(Dataset excerpts)
(* For every weak composition $a$, $\mathfrak{L}_a=\sum_{T\in\mathfrak{L}\mathrm{SSF}(a)}x^{\mathrm{wt}(T)}$.
   Context: Weak composition of length $n$: sequence of $n$ nonnegative integers. A local move replaces consecutive entries $(0,k)$ at positions $p,p+1$ by $(i,j)$, $i+j=k$, $i,j\ge0$; a fixed slide of $a$ is obtained from $a$ by a (possibly empty) sequence of such moves with $j>0$ required whenever $a_{p+1}\ne0$; $\mathfrak{L}_a=\sum x^b$ over the set of fixed slides $b$ of $a$. $D(a)$: $a_i$ left-justified boxes in row $i$, row 1 lowest; for a filling $T$, $\mathrm{wt}(T)_i$ is the number of entries $i$. Triples (rows $r<s$): Type A: $\gamma=(r,c),\alpha=(r,c+1),\beta=(s,c+1)$, $a_r\ge a_s$; Type B: $\gamma=(s,c),\alpha=(s,c+1),\beta=(r,c)$, $a_s>a_r$; inversion triple: $\beta>\gamma\ge\alpha$ or $\gamma\ge\alpha>\beta$. A semi-skyline filling: positive integer entries, rows weakly decreasing left to right, distinct column entries, all triples inversion triples. $\mathfrak{L}\mathrm{SSF}(a)$: semi-skyline fillings of $D(a)$ whose first-column entry in each nonempty row $i$ equals $i$ and such that whenever box $B$ is in a higher row than box $B'$, the entry of $B$ is strictly larger than that of $B'$. *)

theory Defs
  imports "HOL-Library.Poly_Mapping"
begin

text \<open>Weak compositions are lists of naturals; list position p (0-based) is entry a_(p+1).
  Monomials x^b are finitely supported exponent maps nat =>0 nat (variable x_i has index i, i >= 1);
  polynomials are elements of (nat =>0 nat) =>0 int.\<close>

definition mono :: "nat list \<Rightarrow> (nat \<Rightarrow>\<^sub>0 nat)" where
  "mono b = (\<Sum>p<length b. Poly_Mapping.single (Suc p) (b ! p))"

definition slide_step :: "nat list \<Rightarrow> nat list \<Rightarrow> nat list \<Rightarrow> bool" where
  "slide_step a b b' \<longleftrightarrow>
     (\<exists>p i j. Suc p < length b \<and> b ! p = 0 \<and> i + j = b ! Suc p \<and>
        (a ! Suc p \<noteq> 0 \<longrightarrow> j > 0) \<and>
        b' = b[p := i, Suc p := j])"

definition fixed_slides :: "nat list \<Rightarrow> nat list set" where
  "fixed_slides a = {b. (slide_step a)\<^sup>*\<^sup>* a b}"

**What you need to do**
Provide an exact transcription of every entry above.

**Response to the task**
(* For every weak composition $a$, $\mathfrak{L}_a=\sum_{T\in\mathfrak{L}\mathrm{SSF}(a)}x^{\mathrm{wt}(T)}$.
   Context: Weak composition of length $n$: sequence of $n$ nonnegative integers. A local move replaces consecutive entries $(0,k)$ at positions $p,p+1$ by $(i,j)$, $i+j=k$, $i,j\ge0$; a fixed slide of $a$ is obtained from $a$ by a (possibly empty) sequence of such moves with $j>0$ required whenever $a_{p+1}\ne0$; $\mathfrak{L}_a=\sum x^b$ over the set of fixed slides $b$ of $a$. $D(a)$: $a_i$ left-justified boxes in row $i$, row 1 lowest; for a filling $T$, $\mathrm{wt}(T)_i$ is the number of entries $i$. Triples (rows $r<s$): Type A: $\gamma=(r,c),\alpha=(r,c+1),\beta=(s,c+1)$, $a_r\ge a_s$; Type B: $\gamma=(s,c),\alpha=(s,c+1),\beta=(r,c)$, $a_s>a_r$; inversion triple: $\beta>\gamma\ge\alpha$ or $\gamma\ge\alpha>\beta$. A semi-skyline filling: positive integer entries, rows weakly decreasing left to right, distinct column entries, all triples inversion triples. $\mathfrak{L}\mathrm{SSF}(a)$: semi-skyline fillings of $D(a)$ whose first-column entry in each nonempty row $i$ equals $i$ and such that whenever box $B$ is in a higher row than box $B'$, the entry of $B$ is strictly larger than that of $B'$. *)

theory Defs
  imports "HOL-Library.Poly_Mapping"
begin

text \<open>Weak compositions are lists of naturals; list position p (0-based) is entry a_(p+1).
  Monomials x^b are finitely supported exponent maps nat =>0 nat (variable x_i has index i, i >= 1);
  polynomials are elements of (nat =>0 nat) =>0 int.\<close>

definition mono :: "nat list \<Rightarrow> (nat \<Rightarrow>\<^sub>0 nat)" where
  "mono b = (\<Sum>p<length b. Poly_Mapping.single (Suc p) (b ! p))"

definition slide_step :: "nat list \<Rightarrow> nat list \<Rightarrow> nat list \<Rightarrow> bool" where
  "slide_step a b b' \<longleftrightarrow>
     (\<exists>p i j. Suc p < length b \<and> b ! p = 0 \<and> i + j = b ! Suc p \<and>
        (a ! Suc p \<noteq> 0 \<longrightarrow> j > 0) \<and>
        b' = b[p := i, Suc p := j])"

definition fixed_slides :: "nat list \<Rightarrow> nat list set" where
  "fixed_slides a = {b. (slide_step a)\<^sup>*\<^sup>* a b}"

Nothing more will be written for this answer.